Other Talks in the Series: The Immune System - Key Concepts and Questions
Other Talks in the Series: Periodic Reports: Advances in Clinical Interventions and Research Platforms
Transcript
Please wait while the transcript is being prepared...
0:00
My name is Robert Hilbrands from the Diabetes Research Center
and the Diabetes Clinic of the Brussels Free University, VUB, in Belgium.
Over the last two decades,
there have been important advances in
immune therapy for patients with autoimmune type 1 diabetes.
I will be discussing the role of antibodies that have played a major role in
these advances, and have been studied in several well-designed clinical trials.
They have been shown to preserve
residual pancreatic beta-cell function when
treatment is started at the time of diagnosis of the disease.
More recently, they have also been effective in delaying the clinical onset
of type 1 diabetes in individuals at high risk for developing type 1 diabetes.
0:44
Type 1 diabetes is an autoimmune disease that is characterized by a T-cell mediated,
selective destruction of the beta-cells in the pancreas by
autoreactive CD4-positive and CD8-positive T-cells.
The disease can manifest at any age,
but is most frequently diagnosed in young children.

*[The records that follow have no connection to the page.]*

definition comp_al :: "'a set \<Rightarrow> ('f \<Rightarrow> nat) \<Rightarrow> ('f \<Rightarrow> 'a list \<Rightarrow> 'a) \<Rightarrow> 'a \<Rightarrow> 'a \<Rightarrow> 'a \<Rightarrow> 'a \<Rightarrow> bool" where
  "comp_al A ar op z u a b \<longleftrightarrow> (leq_al A ar op z u a b \<or> leq_al A ar op z u b a) \<and> a \<noteq> b"

end

theory Submission imports Defs begin

text \<open>The relation \<open>\<le>\<^sub>\<alpha>\<close> is reflexive on \<open>A\<close>, contains \<open>(0, 1)\<close>, lies inside \<open>\<alpha>\<close> and is
preserved by unary polynomials. Hence the equivalence relation it generates is preserved by unary
polynomials, i.e. it is a congruence; it lies between \<open>\<alpha>\<^sup>-\<close> and \<open>\<alpha>\<close> and is not below \<open>\<alpha>\<^sup>-\<close>, so
join irreducibility of \<open>\<alpha>\<close> forces it to be \<open>\<alpha>\<close> itself. Every \<open>\<alpha>\<close>-class is therefore connected
by \<open>\<le>\<^sub>\<alpha>\<close>-steps. If \<open>{a, b} = h(A)\<close> is minimal for a cover below \<open>\<alpha>\<close>, then \<open>h\<close> separates the ends
of some \<open>\<alpha>\<close>-pair, hence of a single \<open>\<le>\<^sub>\<alpha>\<close>-step, and composing that step with \<open>h\<close> compares
\<open>a\<close> with \<open>b\<close>. Finally, a reflexive transitive relation preserved by unary polynomials is
preserved by all polynomials, since arguments may be changed one coordinate at a time.\<close>

subsection \<open>Polynomials\<close>

lemma pol_closed:
  assumes alg: "algebra A ar op"
  shows "p \<in> pol A ar op n \<Longrightarrow> xs \<in> tuples A n \<Longrightarrow> p xs \<in> A"
proof (induction p rule: pol.induct)
  case (pol_proj i) then show ?case by (auto simp: tuples_def)
next
  case (pol_const c) then show ?case by simp
next
  case (pol_app ps f)
  then have "length (map (\<lambda>p. p xs) ps) = ar f" "set (map (\<lambda>p. p xs) ps) \<subseteq> A" by auto
  then show ?case using alg unfolding algebra_def by blast
qed

lemma upol_closed: "algebra A ar op \<Longrightarrow> h \<in> upol A ar op \<Longrightarrow> x \<in> A \<Longrightarrow> h x \<in> A"
  unfolding upol_def using pol_closed[of A ar op] by (auto simp: tuples_def)

lemma upol_const: "c \<in> A \<Longrightarrow> (\<lambda>x. c) \<in> upol A ar op"
  unfolding upol_def by (auto intro!: exI[of _ "\<lambda>xs. c"] pol_const)

lemma upol_id: "(\<lambda>x. x) \<in> upol A ar op"
  unfolding upol_def by (auto intro!: exI[of _ "\<lambda>xs. xs ! 0"] pol_proj)
section \<open>Finite families of disjoint intervals\<close>

definition disjoint_intervals :: "(real \<times> real) set \<Rightarrow> bool" where
  "disjoint_intervals D \<longleftrightarrow> finite D \<and> (\<forall>p q. (p, q) \<in> D \<longrightarrow> p < q) \<and>
     (\<forall>p q p' q'. (p, q) \<in> D \<longrightarrow> (p', q') \<in> D \<longrightarrow> (p, q) \<noteq> (p', q') \<longrightarrow> q < p' \<or> q' < p)"

definition increment_sum :: "(real \<Rightarrow> real) \<Rightarrow> (real \<times> real) set \<Rightarrow> real" where
  "increment_sum F D = (\<Sum>(p, q)\<in>D. F q - F p)"

abbreviation length_sum :: "(real \<times> real) set \<Rightarrow> real" where
  "length_sum D \<equiv> increment_sum (\<lambda>x. x) D"

definition intervals_within :: "(real \<times> real) set \<Rightarrow> (real \<times> real) set \<Rightarrow> bool" where
  "intervals_within D E \<longleftrightarrow> (\<forall>p q. (p, q) \<in> D \<longrightarrow> (\<exists>p' q'. (p', q') \<in> E \<and> p' \<le> p \<and> q \<le> q'))"

lemma intervals_within_singleton [simp]:
  "intervals_within D {(lo, hi)} \<longleftrightarrow> (\<forall>p q. (p, q) \<in> D \<longrightarrow> lo \<le> p \<and> q \<le> hi)"
  unfolding intervals_within_def by auto

lemma intervals_within_trans:
  "intervals_within D E \<Longrightarrow> intervals_within E E' \<Longrightarrow> intervals_within D E'"
  unfolding intervals_within_def by (meson order_trans)

lemma intervals_within_pairI:
  "(p', q') \<in> E \<Longrightarrow> p' \<le> p \<Longrightarrow> q \<le> q' \<Longrightarrow> intervals_within {(p, q)} E"
  unfolding intervals_within_def by blast
lemma sum_UNIV_option: "(\<Sum>x\<in>(UNIV::'a::finite option set). f x) = f None + (\<Sum>i\<in>UNIV. f (Some i))"
proof -
  have "(\<Sum>x\<in>(UNIV::'a option set). f x) = (\<Sum>x\<in>insert None (range Some). f x)"
    by (simp only: UNIV_option_conv)
  also have "\<dots> = f None + (\<Sum>i\<in>UNIV. f (Some i))"
    by (subst sum.insert) (auto simp: sum.reindex)
  finally show ?thesis .
qed

lemma sum_distrib_swap:
  fixes X :: "'a::finite \<Rightarrow> 'b::finite \<Rightarrow> real"
  shows "(\<Sum>b\<in>UNIV. (\<Sum>a\<in>UNIV. X a b) * Y b) = (\<Sum>a\<in>UNIV. \<Sum>b\<in>UNIV. X a b * Y b)"
  unfolding sum_distrib_right by (rule sum.swap)

lemma sum_swap_inner:
  "(\<Sum>a\<in>A. \<Sum>b\<in>B. \<Sum>c\<in>C. F a b c) = (\<Sum>a\<in>A. \<Sum>c\<in>C. \<Sum>b\<in>B. F a b c)"
  by (rule sum.cong[OF refl], rule sum.swap)

lemma sum3_eq_sum_tuple:
  fixes F :: "'i::finite \<Rightarrow> 'i \<Rightarrow> 'i \<Rightarrow> real"
  shows "(\<Sum>a\<in>UNIV. \<Sum>b\<in>UNIV. \<Sum>c\<in>UNIV. F a b c) = (\<Sum>(a,b,c)\<in>UNIV. F a b c)"
  by (simp add: sum.cartesian_product case_prod_beta)

lemma sum4_eq_sum_tuple:
  fixes F :: "'i::finite \<Rightarrow> 'i \<Rightarrow> 'i \<Rightarrow> 'i \<Rightarrow> real"
  shows "(\<Sum>a\<in>UNIV. \<Sum>b\<in>UNIV. \<Sum>c\<in>UNIV. \<Sum>d\<in>UNIV. F a b c d) = (\<Sum>(a,b,c,d)\<in>UNIV. F a b c d)"
  by (simp add: sum.cartesian_product case_prod_beta)

lemma sum_sum_antisym_eq_0:
  fixes Y :: "'i::finite \<Rightarrow> 'i \<Rightarrow> real"
  assumes "\<And>m n. Y m n + Y n m = 0"
  shows "(\<Sum>m\<in>UNIV. \<Sum>n\<in>UNIV. Y m n) = 0"
proof -
  have "(\<Sum>m\<in>UNIV. \<Sum>n\<in>UNIV. Y m n) = (\<Sum>m\<in>UNIV. \<Sum>n\<in>UNIV. Y n m)"
    by (rule sum.swap)
  then have "2 * (\<Sum>m\<in>UNIV. \<Sum>n\<in>UNIV. Y m n) = (\<Sum>m\<in>UNIV. \<Sum>n\<in>UNIV. Y m n + Y n m)"
    by (simp add: sum.distrib)
  also have "\<dots> = 0" using assms by simp
  finally show ?thesis by simp
qed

Patients with type 1 diabetes present with
hyperglycemia at the time of diagnosis, and require
immediate insulin treatment to prevent
chronic complications from hyperglycemia and ketoacidosis.
Insulin treatment has to be maintained for the rest of their lives in order to
survive, and this places a very large burden on the life of a type 1 diabetic patient.

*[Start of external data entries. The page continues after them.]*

lemma gauss_term_deriv_le:
  assumes "0 \<le> x" "x \<le> 1" "1/2 \<le> y" "y \<le> 1" "0 \<le> \<alpha>"
  shows "\<bar>gauss_term_deriv \<alpha> ((x, y), (u, v)) h\<bar>
           \<le> gauss_term \<alpha> ((x, y), (u, v)) * (28 * pi * \<alpha> * (1 + u\<^sup>2 + v\<^sup>2) * norm h)"
proof -
  obtain a b du dv where h: "h = ((a, b), (du, dv))" by (metis prod.collapse)
  define H where "H = norm h"
  define dq where "dq = 2 * (u + x * v) * (du + v * a + x * dv) + 2 * y * v * (v * b + y * dv)"
  define Q where "Q = qform (x, y) (u, v)"
  have H: "\<bar>a\<bar> \<le> H" "\<bar>b\<bar> \<le> H" "\<bar>du\<bar> \<le> H" "\<bar>dv\<bar> \<le> H"
    unfolding H_def h by (rule abs_components_le_norm)+
  have y: "0 < y" "1 \<le> 2 * y" "1 \<le> 4 * y\<^sup>2"
    using assms power_mono[of "1/2" y 2] by (simp_all add: power2_eq_square)
  have dq: "\<bar>dq\<bar> \<le> 8 * (1 + u\<^sup>2 + v\<^sup>2) * H"
    unfolding dq_def by (rule qform_deriv_bound) (use assms H in auto)
  have dq_y: "\<bar>dq / y\<bar> \<le> 2 * \<bar>dq\<bar>"
    using y mult_left_mono[of 1 "2 * y" "\<bar>dq\<bar>"] by (simp add: divide_le_eq algebra_simps)
  have Q: "0 \<le> Q" "Q \<le> 3 * (u\<^sup>2 + v\<^sup>2)"
    unfolding Q_def using assms by (simp add: qform_eq_sum_squares, intro qform_upper_bound, auto)
  then have "Q * \<bar>b\<bar> \<le> 3 * (u\<^sup>2 + v\<^sup>2) * H"
    using H(2) by (intro mult_mono) auto
  then have Qb: "\<bar>Q * b / y\<^sup>2\<bar> \<le> 4 * (3 * (u\<^sup>2 + v\<^sup>2) * H)"
    using y Q H(2) mult_left_mono[of 1 "4 * y\<^sup>2" "3 * (u\<^sup>2 + v\<^sup>2) * H"]
    by (simp add: abs_mult divide_le_eq algebra_simps)
  have "\<bar>dq / y - Q * b / y\<^sup>2\<bar> \<le> 28 * (1 + u\<^sup>2 + v\<^sup>2) * H"
    using dq dq_y Qb abs_triangle_ineq4[of "dq / y" "Q * b / y\<^sup>2"] zero_le_power2[of u] zero_le_power2[of v] H(1)
    unfolding distrib_left distrib_right by linarith
  then have "gauss_term \<alpha> ((x, y), (u, v)) * (pi * \<alpha>) * \<bar>dq / y - Q * b / y\<^sup>2\<bar>
      \<le> gauss_term \<alpha> ((x, y), (u, v)) * (pi * \<alpha>) * (28 * (1 + u\<^sup>2 + v\<^sup>2) * H)"
    using assms gauss_term_pos[of \<alpha> "((x, y), (u, v))"] by (intro mult_left_mono) auto
  then show ?thesis
    using assms gauss_term_pos[of \<alpha> "((x, y), (u, v))"]
    by (simp add: gauss_term_deriv_def h H_def dq_def Q_def abs_mult mult_ac)
qed

definition int_sqnorm :: "int \<times> int \<Rightarrow> real" where
  "int_sqnorm n = (of_int (fst n))\<^sup>2 + (of_int (snd n))\<^sup>2"

lemma int_sqnorm_nonneg: "0 \<le> int_sqnorm n"
  by (simp add: int_sqnorm_def)

lemma abs_of_int_le_square: "\<bar>of_int k\<bar> \<le> (of_int k :: real)\<^sup>2"
proof (cases "k = 0")
  case False
  then have "\<bar>of_int k\<bar> * 1 \<le> \<bar>of_int k\<bar> * \<bar>of_int k :: real\<bar>"
    by (intro mult_left_mono) auto
  then show ?thesis by (simp add: power2_eq_square)
qed simp

lemma summable_on_exp_neg_abs_int:
  fixes \<gamma> :: real
  assumes "\<gamma> > 0"
  shows "(\<lambda>k::int. exp (- \<gamma> * \<bar>of_int k\<bar>)) summable_on UNIV"
proof -
  let ?f = "\<lambda>k::int. exp (- \<gamma> * \<bar>of_int k\<bar>)"
  have geometric: "(\<lambda>n::nat. exp (- \<gamma>) ^ n) summable_on UNIV"
    using assms by (intro summable_nonneg_imp_summable_on summable_geometric) auto
  have "?f \<circ> int = (\<lambda>n. exp (- \<gamma>) ^ n)" "?f \<circ> (\<lambda>n. - int n) = (\<lambda>n. exp (- \<gamma>) ^ n)"
    by (simp_all add: fun_eq_iff exp_of_nat_mult[symmetric] mult.commute)
  then have "?f summable_on range int" "?f summable_on range (\<lambda>n. - int n)"
    using geometric by (simp_all add: summable_on_reindex inj_on_def)
  then have "?f summable_on (range int \<union> range (\<lambda>n. - int n))"
    by (rule summable_on_union)
  moreover have "range int \<union> range (\<lambda>n. - int n) = UNIV"
  proof -
    have "k \<in> range int \<union> range (\<lambda>n. - int n)" for k :: int
      by (cases k rule: int_cases2) auto
    then show ?thesis by blast
  qed
  ultimately show ?thesis by simp
qed

lemma summable_on_exp_neg_abs_lattice:
  fixes \<gamma> :: real
  assumes "\<gamma> > 0"
  shows "(\<lambda>n::int \<times> int. exp (- \<gamma> * (\<bar>of_int (fst n)\<bar> + \<bar>of_int (snd n)\<bar>))) summable_on UNIV"
proof -
  define a where "a = (\<lambda>k::int. exp (- \<gamma> * \<bar>of_int k\<bar>))"
  have a: "a summable_on UNIV"
    unfolding a_def by (rule summable_on_exp_neg_abs_int[OF assms])
  have "(\<lambda>n. a (fst n) * a (snd n)) summable_on Sigma UNIV (\<lambda>_. UNIV)"
  proof (rule summable_on_SigmaI)
    show "((\<lambda>l. a (fst (k, l)) * a (snd (k, l))) has_sum a k * infsum a UNIV) UNIV" for k
      using has_sum_cmult_right[OF has_sum_infsum[OF a], of "a k"] by simp
  qed (use a in \<open>auto simp: a_def intro: summable_on_cmult_left\<close>)
  then show ?thesis
    by (simp add: a_def exp_add[symmetric] algebra_simps)
qed

lemma one_plus_mult_exp_neg_le:
  fixes \<beta> t :: real
  assumes "\<beta> > 0" "t \<ge> 0"
  shows "(1 + t) * exp (- \<beta> * t) \<le> (1 + 2 / \<beta>) * exp (- (\<beta> / 2) * t)"
proof -
  have "1 + \<beta> * t / 2 \<le> exp (\<beta> * t / 2)"
    using exp_ge_add_one_self[of "\<beta> * t / 2"] by simp
  then have "t * exp (- \<beta> * t) \<le> 2 / \<beta> * exp (\<beta> * t / 2) * exp (- \<beta> * t)"
    using assms by (intro mult_right_mono) (simp_all add: field_simps)
  also have "\<dots> = 2 / \<beta> * exp (- (\<beta> / 2) * t)"
    by (simp add: mult.assoc exp_add[symmetric])
  finally have "t * exp (- \<beta> * t) \<le> 2 / \<beta> * exp (- (\<beta> / 2) * t)" .
  moreover have "exp (- \<beta> * t) \<le> exp (- (\<beta> / 2) * t)"
    using assms by simp
  ultimately show ?thesis
    unfolding distrib_right mult_1 by linarith
qed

Strict glycemic control is necessary to prevent
chronic micro- and macrovascular complications from type 1 diabetes.
Achieving this goal
can lead to the occurrence of hypoglycemia with insulin treatment, which can result in
serious life-threatening events and also place a lot of
stress on the daily life of these patients and their relatives.

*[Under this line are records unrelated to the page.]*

lemma prime_eq_var_prime:
  assumes P: "prime_ideal V (P :: ('v, 'k::field) mpoly set)"
    and monoms: "\<And>g t. g \<in> P \<Longrightarrow> t \<in> keys g \<Longrightarrow> monom t \<in> P"
  shows "P = var_prime V {j \<in> V. var j \<in> P}"
proof
  let ?A = "{j \<in> V. var j \<in> P}"
  have J: "is_ideal V P" by (rule prime_ideal_is_ideal[OF P])
  show "P \<subseteq> var_prime V ?A"
  proof
    fix g assume g: "g \<in> P"
    have "t \<in> var_exps V ?A" if t: "t \<in> keys g" for t
    proof -
      have "t \<in> exps V" using t g ideal_subset_polys[OF J] keys_in_exps by blast
      then obtain j where j: "j \<in> keys t" "var j \<in> P"
        using prime_ideal_var_of_monom[OF P _ monoms[OF g t]] by blast
      moreover have "j \<in> V" using j(1) \<open>t \<in> exps V\<close> by (auto simp: exps_def)
      ultimately show ?thesis using \<open>t \<in> exps V\<close> by (auto simp: var_exps_def in_keys_iff)
    qed
    then show "g \<in> var_prime V ?A"
      using g ideal_subset_polys[OF J] by (auto simp: var_prime_def mono_ideal_def)
  qed
  show "var_prime V ?A \<subseteq> P"
    unfolding var_prime_def
  proof (rule mono_ideal_least[OF J])
    fix b assume "b \<in> var_exps V ?A"
    then obtain j where b: "b \<in> exps V" and j: "j \<in> ?A" "0 < lookup b j"
      by (auto simp: var_exps_def)
    then have "j \<in> keys b" by (simp add: in_keys_iff)
    then have "monom (b - single j 1) * var j = (monom b :: ('v, 'k) mpoly)"
      unfolding var_def monom_mult by (simp only: remove_var)
    moreover have "monom (b - single j 1) * var j \<in> P"
      using j b by (intro ideal_mult_left[OF J]) auto
    ultimately show "monom b \<in> P" by simp
  qed
qed

definition associated_vars :: "'v set \<Rightarrow> ('v \<Rightarrow>\<^sub>0 nat) set \<Rightarrow> 'v set \<Rightarrow> bool" where
  "associated_vars V E A \<longleftrightarrow> A \<subseteq> V \<and> (\<exists>c\<in>exps V. \<forall>b\<in>exps V. c + b \<in> E \<longleftrightarrow> b \<in> var_exps V A)"

lemma var_prime_in_Ass:
  assumes A: "associated_vars V E A"
  shows "(var_prime V A :: ('v::linorder, 'k::field) mpoly set) \<in> Ass V (mono_ideal V E)"
proof -
  obtain c where c: "c \<in> exps V" and colon: "\<And>b. b \<in> exps V \<Longrightarrow> c + b \<in> E \<longleftrightarrow> b \<in> var_exps V A"
    using A unfolding associated_vars_def by blast
  have "g \<in> var_prime V A \<longleftrightarrow> g * monom c \<in> mono_ideal V E" if g: "g \<in> polys V" for g :: "('v,'k) mpoly"
  proof -
    have "g * monom c \<in> mono_ideal V E \<longleftrightarrow> (\<forall>a\<in>keys g. c + a \<in> E)"
      using monom_mult_in_mono_ideal_iff[OF c g] by (simp add: mult.commute)
    also have "\<dots> \<longleftrightarrow> keys g \<subseteq> var_exps V A"
      using colon keys_in_exps[OF g] by blast
    finally show ?thesis using g by (simp add: var_prime_def mono_ideal_def)
  qed
  then have "var_prime V A = {g \<in> polys V. g * monom c \<in> (mono_ideal V E :: ('v,'k) mpoly set)}"
    using ideal_subset_polys[OF prime_ideal_is_ideal[OF var_prime_is_prime]] by blast
  then show ?thesis
    unfolding Ass_def using c by (intro CollectI conjI var_prime_is_prime bexI[of _ "monom c"]) simp_all
qed

text \<open>If no \<open>c \<in> K\<close> worked, witnesses \<open>t\<^sub>a \<notin> var_exps V A\<close> with \<open>a + t\<^sub>a \<in> E\<close>
  for \<open>a \<in> K\<close> would add up to a common witness, contradicting the hypothesis.\<close>

lemma key_with_colon_in_var_exps:
  assumes E: "upper_set V E"
    and colon: "\<And>b. b \<in> exps V \<Longrightarrow> (\<forall>a\<in>K. b + a \<in> E) \<Longrightarrow> b \<in> var_exps V A"
    and K: "finite K"
  shows "\<exists>c\<in>K. \<forall>b\<in>exps V. c + b \<in> E \<longrightarrow> b \<in> var_exps V A"
proof (rule ccontr)
  assume "\<not> ?thesis"
  then obtain t where t: "\<And>a. a \<in> K \<Longrightarrow> t a \<in> exps V \<and> a + t a \<in> E \<and> t a \<notin> var_exps V A"
    by metis
  define T where "T = (\<Sum>a\<in>K. t a)"
  have T: "T \<in> exps V" unfolding T_def using t by (intro exps_sum) blast
  have "T + a \<in> E" if a: "a \<in> K" for a
  proof -
    have "T + a = (a + t a) + (\<Sum>x\<in>K - {a}. t x)"
      unfolding T_def using a K by (simp add: sum.remove algebra_simps)
    moreover have "(\<Sum>x\<in>K - {a}. t x) \<in> exps V" using t by (intro exps_sum) blast
    ultimately show ?thesis using upper_set_add[OF E] t[OF a] by simp
  qed
  then have "T \<in> var_exps V A" using colon[OF T] by blast
  then obtain j where j: "j \<in> A" "(\<Sum>a\<in>K. lookup (t a) j) \<noteq> 0"
    by (auto simp: var_exps_def T_def lookup_sum)
  then obtain a where "a \<in> K" "lookup (t a) j \<noteq> 0"
    by (meson sum.neutral)
  then show False using t j(1) by (auto simp: var_exps_def)
qed
(* The function $\widetilde J:\mathcal M_s\to[0,\infty]$ defined by $\widetilde J(\varpi,\nu)=H(\nu\,\|\,\nu_1\otimes\mathbb Q)$ if $\varpi_2=\nu_1$ and $\widetilde J(\varpi,\nu)=\infty$ otherwise is convex and lower semicontinuous on $\mathcal M_s$. Moreover $\widetilde J(\varpi,\nu)\le\widehat J(\varpi,\nu)$ for every $(\varpi,\nu)\in\mathcal M_s$, where $$\widehat J(\varpi,\nu)=\sup_{g\in\mathcal C}\Big\{\int g(b,c)\,\nu(db,dc)-\int U_g(b)\,\varpi(da,db)\Big\},\qquad U_g(a)=\log\sum_{c\in\mathcal X^*}e^{g(a,c)}\mathbb Q\{c\mid a\},$$ with $\mathcal C$ the space of bounded functions on $\mathcal X\times\mathcal X^*$.
   Context: $\mathcal X$ is a finite alphabet, $\mathcal X^*=\bigcup_{n\ge0}\{n\}\times\mathcal X^n$ with elements $c=(n,a_1,\dots,a_n)$, $m(a,c)=\sum_i\mathbf 1\{a_i=a\}$, and $\mathbb Q$ is a probability kernel from $\mathcal X$ to $\mathcal X^*$ (offspring kernel of a weakly irreducible, critical multitype Galton–Watson tree with finite second moment). $\mathcal M_s$: pairs $(\varpi,\nu)$, $\varpi$ a finite measure on $\mathcal X\times\mathcal X$, $\nu$ a probability measure on $\mathcal X\times\mathcal X^*$ with $\int n\,d\nu<\infty$, that are sub-consistent: $\varpi(a,b)\ge\sum_c m(b,c)\nu(a,c)$ for all $a,b$; weak topology. $\nu_1$: $\mathcal X$-marginal of $\nu$; $\varpi_2$: second marginal of $\varpi$; $\nu_1\otimes\mathbb Q(a,c)=\nu_1(a)\mathbb Q\{c\mid a\}$; $H$ relative entropy. *)

theory Defs
  imports "HOL-Probability.Probability"
begin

It is only since the late 1960s that
an autoimmune origin of type 1 diabetes has been suggested.
This was first suspected after examination of
pathological samples of type 1 diabetic patients who died soon after clinical onset.
These samples showed an inflammatory infiltrate (which can be seen
here) inside and around the islets of Langerhans, as you can see on this slide.